Passing Key Vault secrets as environment variables to Databricks clusters and jobs
A very useful feature that Azure Databricks provide us, is the ability to connect the workspace with an Azure Key Vault, and create secret scopes so we can use the secrets in a very easy way, for example:
// To get a secret
dbutils.secrets.get(scope = "secret-scope", key = "secret-name")

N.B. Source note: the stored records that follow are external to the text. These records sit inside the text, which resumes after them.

(* Let $\mathbf{A}=\langle A;P\rangle$ be a partial algebra with more than one element, and let $\mathbf{A}_0$ be its one-point completion. Then for every $n$: (1) any generating set for $\mathbf{A}^n$ is a generating set for $\mathbf{A}_0^n$, and (2) any generating set for $\mathbf{A}_0^n$ contains a generating set for $\mathbf{A}^n$. In particular, least size generating sets for $\mathbf{A}^n$ and $\mathbf{A}_0^n$ have the same size, and if $\mathbf{A}^n$ or $\mathbf{A}_0^n$ have any minimal generating sets, then they are the same.
   Context: A partial algebra is a set equipped with a set of partial operations. Powers of partial algebras are formed coordinatewise: a partial operation is defined on a tuple of elements of $A^n$ exactly when it is defined in each coordinate. A subset $G$ generates a partial algebra if the smallest subset containing $G$ and closed under all partial operations (whenever defined) is the whole universe. The one-point completion of $\mathbf{A}=\langle A;P\rangle$ is the total algebra $\mathbf{A}_0$ with universe $A_0=A\cup\{0\}$, where $0\notin A$, and operations $\{p_0: p\in P\}\cup\{\wedge\}$: if $p\in P$ is an $m$-ary partial operation with domain $D\subseteq A^m$, then $p_0(\vec a)=p(\vec a)$ for $\vec a\in D$ and $p_0(\vec a)=0$ for $\vec a\in A_0^m\setminus D$; and $a\wedge b=a$ if $a=b$, $a\wedge b=0$ otherwise. *)

theory Defs
  imports Main
begin

definition partial_algebra :: "'a set \<Rightarrow> ('i \<Rightarrow> nat) \<Rightarrow> ('i \<Rightarrow> 'a list \<Rightarrow> 'a option) \<Rightarrow> bool" where
  "partial_algebra U ar f \<longleftrightarrow>
     (\<forall>i xs y. f i xs = Some y \<longrightarrow> length xs = ar i \<and> set xs \<subseteq> U \<and> y \<in> U)"

inductive_set gen_by :: "('i \<Rightarrow> 'a list \<Rightarrow> 'a option) \<Rightarrow> 'a set \<Rightarrow> 'a set"
  for f :: "'i \<Rightarrow> 'a list \<Rightarrow> 'a option" and G :: "'a set" where
  base: "x \<in> G \<Longrightarrow> x \<in> gen_by f G"
| step: "(\<forall>x\<in>set xs. x \<in> gen_by f G) \<Longrightarrow> f i xs = Some y \<Longrightarrow> y \<in> gen_by f G"

definition generates :: "'a set \<Rightarrow> ('i \<Rightarrow> 'a list \<Rightarrow> 'a option) \<Rightarrow> 'a set \<Rightarrow> bool" where
  "generates U f G \<longleftrightarrow> G \<subseteq> U \<and> gen_by f G = U"

definition minimal_generating :: "'a set \<Rightarrow> ('i \<Rightarrow> 'a list \<Rightarrow> 'a option) \<Rightarrow> 'a set \<Rightarrow> bool" where
  "minimal_generating U f G \<longleftrightarrow> generates U f G \<and> (\<forall>H. H \<subset> G \<longrightarrow> \<not> generates U f H)"

definition pow_univ :: "nat \<Rightarrow> 'a set \<Rightarrow> 'a list set" where
  "pow_univ n U = {xs. length xs = n \<and> set xs \<subseteq> U}"

definition pow_op :: "nat \<Rightarrow> ('i \<Rightarrow> nat) \<Rightarrow> ('i \<Rightarrow> 'a list \<Rightarrow> 'a option)
    \<Rightarrow> 'i \<Rightarrow> 'a list list \<Rightarrow> 'a list option" where
  "pow_op n ar f i xss =
     (if length xss = ar i \<and> (\<forall>xs\<in>set xss. length xs = n)
         \<and> (\<forall>j<n. f i (map (\<lambda>xs. xs ! j) xss) \<noteq> None)
      then Some (map (\<lambda>j. the (f i (map (\<lambda>xs. xs ! j) xss))) [0..<n])
      else None)"

text \<open>One-point completion with new element z \<notin> U: operation symbols 'i option,
  Some i is p_0 and None is the binary operation \<and>.\<close>

fun comp_ar :: "('i \<Rightarrow> nat) \<Rightarrow> 'i option \<Rightarrow> nat" where
  "comp_ar ar (Some i) = ar i"
| "comp_ar ar None = 2"
lemma min_redundancy_upper_asymptotic:
  assumes q: "2 \<le> q" and "0 < \<epsilon>"
  shows "eventually (\<lambda>n. min_redundancy q n \<le> log q (log q (real n)) - log q 2 + \<epsilon>) sequentially"
proof -
  define F :: real where "F = fact (q - 1)"
  define A where "A u = (u + sqrt u + 1) / 2 + F + 1" for u :: real
  define E where "E u = 2 * real q ^ 2 / real q powr sqrt u" for u :: real
  have "1 < real q" "0 \<le> F" using q by (auto simp: F_def)
  have "((\<lambda>u. (A u / (1 - E u)) / (u / 2)) \<longlongrightarrow> 1) at_top"
    unfolding A_def E_def using \<open>1 < real q\<close> \<open>0 \<le> F\<close> by real_asymp
  hence "eventually (\<lambda>u. log q (A u / (1 - E u)) \<le> log q (u / 2) + \<epsilon>) at_top"
    using \<open>1 < real q\<close> \<open>0 < \<epsilon>\<close> by (intro eventually_log_le_log_add) (auto intro: eventually_gt_at_top)
  moreover have "eventually (\<lambda>u. E u < 1) at_top" unfolding E_def using \<open>1 < real q\<close> by real_asymp
  moreover have "eventually (\<lambda>u::real. 4 \<le> u) at_top" by (rule eventually_ge_at_top)
  ultimately have "eventually (\<lambda>u. log q (A u / (1 - E u)) \<le> log q (u / 2) + \<epsilon> \<and> E u < 1 \<and> 4 \<le> u) at_top"
    by eventually_elim blast
  from eventually_compose_filterlim[OF this filterlim_log_sequentially[OF \<open>1 < real q\<close>]]
    eventually_log_sqrt_le_half[OF \<open>1 < real q\<close>]
  show ?thesis
  proof eventually_elim
    case (elim n)
    define u where "u = log q (real n)"
    have "min_redundancy q n \<le> log q (A u / (1 - E u))"
      using min_redundancy_le_log_bound[OF q, of u n] elim unfolding A_def E_def F_def u_def by auto
    also have "\<dots> \<le> log q (u / 2) + \<epsilon>" using elim unfolding u_def by simp
    also have "log q (u / 2) = log q u - log q 2"
      using elim \<open>1 < real q\<close> unfolding u_def by (simp add: log_divide_pos)
    finally show ?case unfolding u_def by simp
  qed
qed

lemma min_redundancy_lower_asymptotic:
  assumes q: "2 \<le> q" and "0 < \<epsilon>"
  shows "eventually (\<lambda>n. log q (log q (real n)) - log q 2 - \<epsilon> \<le> min_redundancy q n) sequentially"
proof -
  define G where "G u = 2 / (u - sqrt u - 1) + exp (- (2 powr sqrt u) / 2)" for u :: real
  have "1 < real q" using q by simp
  have "((\<lambda>u. G u / (2 / u)) \<longlongrightarrow> 1) at_top" unfolding G_def by real_asymp
  hence "eventually (\<lambda>u. log q (G u) \<le> log q (2 / u) + \<epsilon>) at_top"
    using \<open>1 < real q\<close> \<open>0 < \<epsilon>\<close> by (intro eventually_log_le_log_add) (auto intro: eventually_gt_at_top)
  moreover have "eventually (\<lambda>u::real. 2 \<le> u - sqrt u - 1) at_top" by real_asymp
  moreover have "eventually (\<lambda>u::real. 4 \<le> u) at_top" by (rule eventually_ge_at_top)
  ultimately have "eventually (\<lambda>u. log q (G u) \<le> log q (2 / u) + \<epsilon> \<and> 2 \<le> u - sqrt u - 1 \<and> 4 \<le> u) at_top"
    by eventually_elim blast
  from eventually_compose_filterlim[OF this filterlim_log_sequentially[OF \<open>1 < real q\<close>]]
    eventually_log_sqrt_le_half[OF \<open>1 < real q\<close>]
  show ?thesis
  proof eventually_elim
    case (elim n)
    define u where "u = log q (real n)"
    have "log q u - log q 2 = - log q (2 / u)" using elim \<open>1 < real q\<close> unfolding u_def by (simp add: log_divide_pos)
    also have "\<dots> - \<epsilon> \<le> - log q (G u)" using elim unfolding u_def by simp
    also have "\<dots> \<le> min_redundancy q n"
      using min_redundancy_ge_log_bound[OF q, of u n] elim unfolding G_def u_def by auto
    finally show ?case unfolding u_def by simp
  qed
qed

theorem corollary4:
  fixes q :: nat
  assumes "q \<ge> 2"
  shows "\<forall>\<epsilon>>0. eventually (\<lambda>n.
            log q (log q (real n)) - log q 2 - \<epsilon> \<le> min_redundancy q n \<and>
            min_redundancy q n \<le> log q (log q (real n)) + min (log q (real q - 1) - log q 2) 0 + \<epsilon>)
          sequentially"
proof (intro allI impI)
  fix \<epsilon> :: real assume "\<epsilon> > 0"
  have min_ge: "- log q 2 \<le> min (log q (real q - 1) - log q 2) 0" using assms by simp
  from min_redundancy_lower_asymptotic[OF assms \<open>\<epsilon> > 0\<close>]
    min_redundancy_upper_asymptotic[OF assms \<open>\<epsilon> > 0\<close>]
  show "eventually (\<lambda>n.
            log q (log q (real n)) - log q 2 - \<epsilon> \<le> min_redundancy q n \<and>
            min_redundancy q n \<le> log q (log q (real n)) + min (log q (real q - 1) - log q 2) 0 + \<epsilon>)
          sequentially"
    by eventually_elim (use min_ge in linarith)
qed

end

But you can also pass secrets as environment variables, and to the spark configurations of clusters during its definition.
For example:
- From the UI: you can go to the cluster definition, and in Advance Options you can define variables that use secrets in the following way:
spark.configuration={{secrets/scope-name/secret-name}}
environment_variable={{secrets/scope-name/secret-name}}
- From a json’s job definition:
{
"name": "job-name",
.....
"tasks": [
{ ... }
],
"job_clusters": [
{
"job_cluster_key": "job_name",
"new_cluster": {
"spark_conf": {
"spark.configuracion.value": "{{secrets/defaultkeyvault/secret-name}}"
},
"spark_env_vars": {
"environment_variable": "{{secrets/defaultkeyvault/secret-name}}"
},
...
}
}
],
...
}
These two variables will be changed to its corresponding value when the cluster is starting, this way you don’t need to hardcode values!